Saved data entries

------------------------------------

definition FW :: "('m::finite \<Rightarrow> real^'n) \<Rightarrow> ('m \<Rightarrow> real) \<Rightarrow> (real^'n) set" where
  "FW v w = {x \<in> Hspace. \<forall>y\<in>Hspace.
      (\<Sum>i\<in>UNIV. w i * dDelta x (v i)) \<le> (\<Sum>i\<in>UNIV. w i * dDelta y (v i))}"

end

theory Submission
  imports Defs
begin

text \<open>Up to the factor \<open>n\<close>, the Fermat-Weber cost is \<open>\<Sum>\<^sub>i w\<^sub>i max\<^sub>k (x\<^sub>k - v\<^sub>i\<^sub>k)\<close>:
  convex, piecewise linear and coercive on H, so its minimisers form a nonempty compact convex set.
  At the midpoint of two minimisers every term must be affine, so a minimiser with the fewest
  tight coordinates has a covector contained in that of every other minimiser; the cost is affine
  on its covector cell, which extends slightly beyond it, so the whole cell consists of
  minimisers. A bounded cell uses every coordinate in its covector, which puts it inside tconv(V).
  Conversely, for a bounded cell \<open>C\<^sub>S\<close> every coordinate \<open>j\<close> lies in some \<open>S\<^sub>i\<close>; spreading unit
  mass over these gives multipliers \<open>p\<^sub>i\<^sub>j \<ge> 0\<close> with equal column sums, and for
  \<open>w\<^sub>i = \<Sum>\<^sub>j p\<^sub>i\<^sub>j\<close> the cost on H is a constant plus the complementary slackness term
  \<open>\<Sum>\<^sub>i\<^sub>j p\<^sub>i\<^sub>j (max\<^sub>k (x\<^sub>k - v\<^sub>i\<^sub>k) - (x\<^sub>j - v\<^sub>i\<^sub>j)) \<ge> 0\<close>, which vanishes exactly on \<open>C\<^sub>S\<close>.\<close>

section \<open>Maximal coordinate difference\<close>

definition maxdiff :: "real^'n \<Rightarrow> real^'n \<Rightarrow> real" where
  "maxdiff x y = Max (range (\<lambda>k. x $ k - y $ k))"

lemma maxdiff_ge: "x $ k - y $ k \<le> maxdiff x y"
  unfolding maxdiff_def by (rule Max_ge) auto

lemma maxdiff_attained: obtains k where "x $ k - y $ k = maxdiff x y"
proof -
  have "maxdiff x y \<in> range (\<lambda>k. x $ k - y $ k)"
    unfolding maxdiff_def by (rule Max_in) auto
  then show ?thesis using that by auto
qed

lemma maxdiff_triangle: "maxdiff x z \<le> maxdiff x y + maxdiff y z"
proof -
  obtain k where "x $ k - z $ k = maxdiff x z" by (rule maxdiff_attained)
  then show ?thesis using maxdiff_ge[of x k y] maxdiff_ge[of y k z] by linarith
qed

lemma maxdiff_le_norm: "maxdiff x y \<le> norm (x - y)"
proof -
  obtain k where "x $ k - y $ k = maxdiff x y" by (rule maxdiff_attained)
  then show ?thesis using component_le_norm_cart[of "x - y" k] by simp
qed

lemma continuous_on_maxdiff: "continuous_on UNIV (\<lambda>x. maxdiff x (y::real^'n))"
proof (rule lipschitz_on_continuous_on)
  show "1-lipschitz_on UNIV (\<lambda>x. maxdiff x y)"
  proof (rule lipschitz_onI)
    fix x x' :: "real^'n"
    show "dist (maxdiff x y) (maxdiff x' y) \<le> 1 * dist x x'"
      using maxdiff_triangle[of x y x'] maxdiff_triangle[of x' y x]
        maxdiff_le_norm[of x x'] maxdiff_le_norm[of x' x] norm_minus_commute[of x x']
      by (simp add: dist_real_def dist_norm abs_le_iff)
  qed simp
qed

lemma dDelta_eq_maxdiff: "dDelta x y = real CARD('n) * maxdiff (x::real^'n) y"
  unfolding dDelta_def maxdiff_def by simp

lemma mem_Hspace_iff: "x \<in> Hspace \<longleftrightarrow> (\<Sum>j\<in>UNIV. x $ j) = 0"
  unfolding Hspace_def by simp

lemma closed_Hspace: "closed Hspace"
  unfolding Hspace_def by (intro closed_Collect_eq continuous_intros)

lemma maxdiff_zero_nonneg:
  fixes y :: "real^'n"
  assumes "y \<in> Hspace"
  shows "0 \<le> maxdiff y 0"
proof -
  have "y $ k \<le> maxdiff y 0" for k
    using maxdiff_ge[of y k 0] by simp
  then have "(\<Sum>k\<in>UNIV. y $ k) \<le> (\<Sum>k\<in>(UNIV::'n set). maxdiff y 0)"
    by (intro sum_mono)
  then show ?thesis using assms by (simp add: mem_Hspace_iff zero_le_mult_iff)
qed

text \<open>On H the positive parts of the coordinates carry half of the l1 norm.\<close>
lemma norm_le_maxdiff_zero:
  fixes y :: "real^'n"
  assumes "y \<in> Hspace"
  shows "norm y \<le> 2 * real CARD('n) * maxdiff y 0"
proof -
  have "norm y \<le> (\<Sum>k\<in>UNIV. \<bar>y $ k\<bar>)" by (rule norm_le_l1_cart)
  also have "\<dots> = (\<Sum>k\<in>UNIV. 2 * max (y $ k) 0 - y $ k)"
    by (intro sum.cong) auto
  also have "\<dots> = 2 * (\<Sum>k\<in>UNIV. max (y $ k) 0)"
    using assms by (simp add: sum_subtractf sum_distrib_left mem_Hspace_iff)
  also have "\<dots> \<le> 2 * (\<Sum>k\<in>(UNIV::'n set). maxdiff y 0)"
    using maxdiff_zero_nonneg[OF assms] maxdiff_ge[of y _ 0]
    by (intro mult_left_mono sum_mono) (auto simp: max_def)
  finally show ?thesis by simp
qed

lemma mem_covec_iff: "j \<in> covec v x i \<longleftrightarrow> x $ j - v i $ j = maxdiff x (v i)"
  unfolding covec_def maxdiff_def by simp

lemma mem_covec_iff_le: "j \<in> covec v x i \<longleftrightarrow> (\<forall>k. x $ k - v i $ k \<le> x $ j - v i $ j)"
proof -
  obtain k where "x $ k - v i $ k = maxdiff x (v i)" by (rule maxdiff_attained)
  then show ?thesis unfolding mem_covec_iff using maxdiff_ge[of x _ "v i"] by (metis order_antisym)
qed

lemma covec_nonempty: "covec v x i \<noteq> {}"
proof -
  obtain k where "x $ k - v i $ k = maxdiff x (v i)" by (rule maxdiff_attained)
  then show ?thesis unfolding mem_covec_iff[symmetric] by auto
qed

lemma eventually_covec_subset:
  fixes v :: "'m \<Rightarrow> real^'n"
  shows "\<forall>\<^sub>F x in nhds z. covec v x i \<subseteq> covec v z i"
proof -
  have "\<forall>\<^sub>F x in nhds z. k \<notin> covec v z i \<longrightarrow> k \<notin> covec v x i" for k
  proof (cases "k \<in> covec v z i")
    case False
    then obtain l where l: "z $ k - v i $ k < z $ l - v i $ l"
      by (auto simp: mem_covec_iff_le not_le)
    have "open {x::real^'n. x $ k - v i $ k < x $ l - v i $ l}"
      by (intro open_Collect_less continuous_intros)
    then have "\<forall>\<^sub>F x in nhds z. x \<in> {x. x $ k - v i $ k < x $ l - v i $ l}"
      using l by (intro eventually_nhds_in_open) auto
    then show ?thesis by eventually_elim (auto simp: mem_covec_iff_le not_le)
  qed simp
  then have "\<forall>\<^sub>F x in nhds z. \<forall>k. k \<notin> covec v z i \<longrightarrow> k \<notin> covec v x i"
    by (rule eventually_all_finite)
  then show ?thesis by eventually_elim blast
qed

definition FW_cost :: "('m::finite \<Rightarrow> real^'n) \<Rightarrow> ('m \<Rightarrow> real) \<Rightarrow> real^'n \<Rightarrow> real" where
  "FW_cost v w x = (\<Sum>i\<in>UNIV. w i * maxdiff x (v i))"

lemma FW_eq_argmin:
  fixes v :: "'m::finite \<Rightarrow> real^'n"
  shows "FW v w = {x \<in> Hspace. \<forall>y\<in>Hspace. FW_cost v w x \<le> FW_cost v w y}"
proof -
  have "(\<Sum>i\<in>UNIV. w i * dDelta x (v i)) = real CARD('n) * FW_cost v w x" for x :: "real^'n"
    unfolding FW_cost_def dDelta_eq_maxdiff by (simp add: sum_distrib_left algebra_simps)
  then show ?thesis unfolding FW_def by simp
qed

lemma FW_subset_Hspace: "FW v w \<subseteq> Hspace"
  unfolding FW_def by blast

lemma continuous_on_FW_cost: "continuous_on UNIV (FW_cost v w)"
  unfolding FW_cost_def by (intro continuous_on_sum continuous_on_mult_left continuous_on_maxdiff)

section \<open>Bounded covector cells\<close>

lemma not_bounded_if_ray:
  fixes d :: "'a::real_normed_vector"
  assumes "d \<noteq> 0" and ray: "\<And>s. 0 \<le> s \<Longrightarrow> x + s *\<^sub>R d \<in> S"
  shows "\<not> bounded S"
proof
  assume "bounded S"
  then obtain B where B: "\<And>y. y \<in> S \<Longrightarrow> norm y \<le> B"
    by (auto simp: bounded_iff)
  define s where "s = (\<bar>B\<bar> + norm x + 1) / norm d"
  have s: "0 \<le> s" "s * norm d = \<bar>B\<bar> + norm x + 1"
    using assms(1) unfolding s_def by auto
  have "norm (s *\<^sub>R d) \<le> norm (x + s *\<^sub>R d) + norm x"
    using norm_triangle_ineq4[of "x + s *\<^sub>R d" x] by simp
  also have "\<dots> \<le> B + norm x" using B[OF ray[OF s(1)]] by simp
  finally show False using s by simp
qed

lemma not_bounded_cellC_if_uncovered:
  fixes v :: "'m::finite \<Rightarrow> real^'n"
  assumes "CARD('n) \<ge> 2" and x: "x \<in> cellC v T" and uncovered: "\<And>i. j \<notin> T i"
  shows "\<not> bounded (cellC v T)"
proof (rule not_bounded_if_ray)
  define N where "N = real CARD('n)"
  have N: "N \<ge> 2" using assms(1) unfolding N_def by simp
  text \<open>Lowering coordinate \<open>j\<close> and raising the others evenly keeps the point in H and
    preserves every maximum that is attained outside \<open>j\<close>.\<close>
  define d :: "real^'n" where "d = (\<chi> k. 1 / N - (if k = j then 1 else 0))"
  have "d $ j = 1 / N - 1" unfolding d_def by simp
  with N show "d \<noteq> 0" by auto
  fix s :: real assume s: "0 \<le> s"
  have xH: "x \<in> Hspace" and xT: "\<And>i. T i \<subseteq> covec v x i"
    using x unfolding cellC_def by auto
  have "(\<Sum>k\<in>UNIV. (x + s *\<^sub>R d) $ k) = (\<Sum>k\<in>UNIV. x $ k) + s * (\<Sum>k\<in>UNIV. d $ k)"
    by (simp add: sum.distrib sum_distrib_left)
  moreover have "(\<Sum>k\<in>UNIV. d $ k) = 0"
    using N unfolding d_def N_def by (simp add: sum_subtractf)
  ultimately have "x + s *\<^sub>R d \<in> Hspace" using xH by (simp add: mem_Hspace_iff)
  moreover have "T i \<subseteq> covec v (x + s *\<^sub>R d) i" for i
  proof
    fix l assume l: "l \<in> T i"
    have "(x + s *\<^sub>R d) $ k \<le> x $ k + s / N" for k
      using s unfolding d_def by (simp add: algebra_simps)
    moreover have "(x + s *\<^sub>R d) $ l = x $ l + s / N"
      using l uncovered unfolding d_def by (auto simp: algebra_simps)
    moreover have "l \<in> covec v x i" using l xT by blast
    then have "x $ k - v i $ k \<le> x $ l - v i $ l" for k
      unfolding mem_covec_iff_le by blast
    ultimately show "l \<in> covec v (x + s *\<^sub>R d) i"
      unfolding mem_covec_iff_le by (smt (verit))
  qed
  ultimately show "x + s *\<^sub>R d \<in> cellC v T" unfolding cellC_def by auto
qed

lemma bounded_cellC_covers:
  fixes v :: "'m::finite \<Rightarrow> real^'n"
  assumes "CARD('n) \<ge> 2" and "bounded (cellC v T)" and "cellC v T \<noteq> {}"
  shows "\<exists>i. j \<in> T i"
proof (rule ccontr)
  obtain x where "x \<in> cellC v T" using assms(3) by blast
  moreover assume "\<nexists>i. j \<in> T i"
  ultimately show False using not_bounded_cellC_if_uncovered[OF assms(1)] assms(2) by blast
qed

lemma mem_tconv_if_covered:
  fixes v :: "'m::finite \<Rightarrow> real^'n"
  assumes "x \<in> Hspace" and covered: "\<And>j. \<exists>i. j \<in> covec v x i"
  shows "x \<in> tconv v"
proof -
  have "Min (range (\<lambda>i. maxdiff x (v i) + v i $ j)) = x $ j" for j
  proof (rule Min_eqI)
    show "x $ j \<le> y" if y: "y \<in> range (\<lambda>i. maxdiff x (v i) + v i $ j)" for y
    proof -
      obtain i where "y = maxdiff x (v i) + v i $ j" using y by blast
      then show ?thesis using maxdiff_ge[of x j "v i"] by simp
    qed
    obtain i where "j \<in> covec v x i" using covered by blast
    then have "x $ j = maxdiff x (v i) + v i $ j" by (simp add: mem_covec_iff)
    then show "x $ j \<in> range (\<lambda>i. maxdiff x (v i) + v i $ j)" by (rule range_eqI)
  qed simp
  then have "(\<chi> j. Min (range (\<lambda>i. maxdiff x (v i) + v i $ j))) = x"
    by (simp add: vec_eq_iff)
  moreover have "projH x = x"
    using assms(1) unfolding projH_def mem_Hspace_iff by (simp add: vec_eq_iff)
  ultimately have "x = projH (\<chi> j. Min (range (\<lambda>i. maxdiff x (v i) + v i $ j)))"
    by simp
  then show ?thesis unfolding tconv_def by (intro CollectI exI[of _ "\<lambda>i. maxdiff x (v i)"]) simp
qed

------------------------------------

## [TO DO]
Copy each line above that has the word "notin".

## [ANSWER BOX]
  have "\<forall>\<^sub>F x in nhds z. k \<notin> covec v z i \<longrightarrow> k \<notin> covec v x i" for k
  then have "\<forall>\<^sub>F x in nhds z. \<forall>k. k \<notin> covec v z i \<longrightarrow> k \<notin> covec v x i"
  assumes "CARD('n) \<ge> 2" and x: "x \<in> cellC v T" and uncovered: "\<And>i. j \<notin> T i"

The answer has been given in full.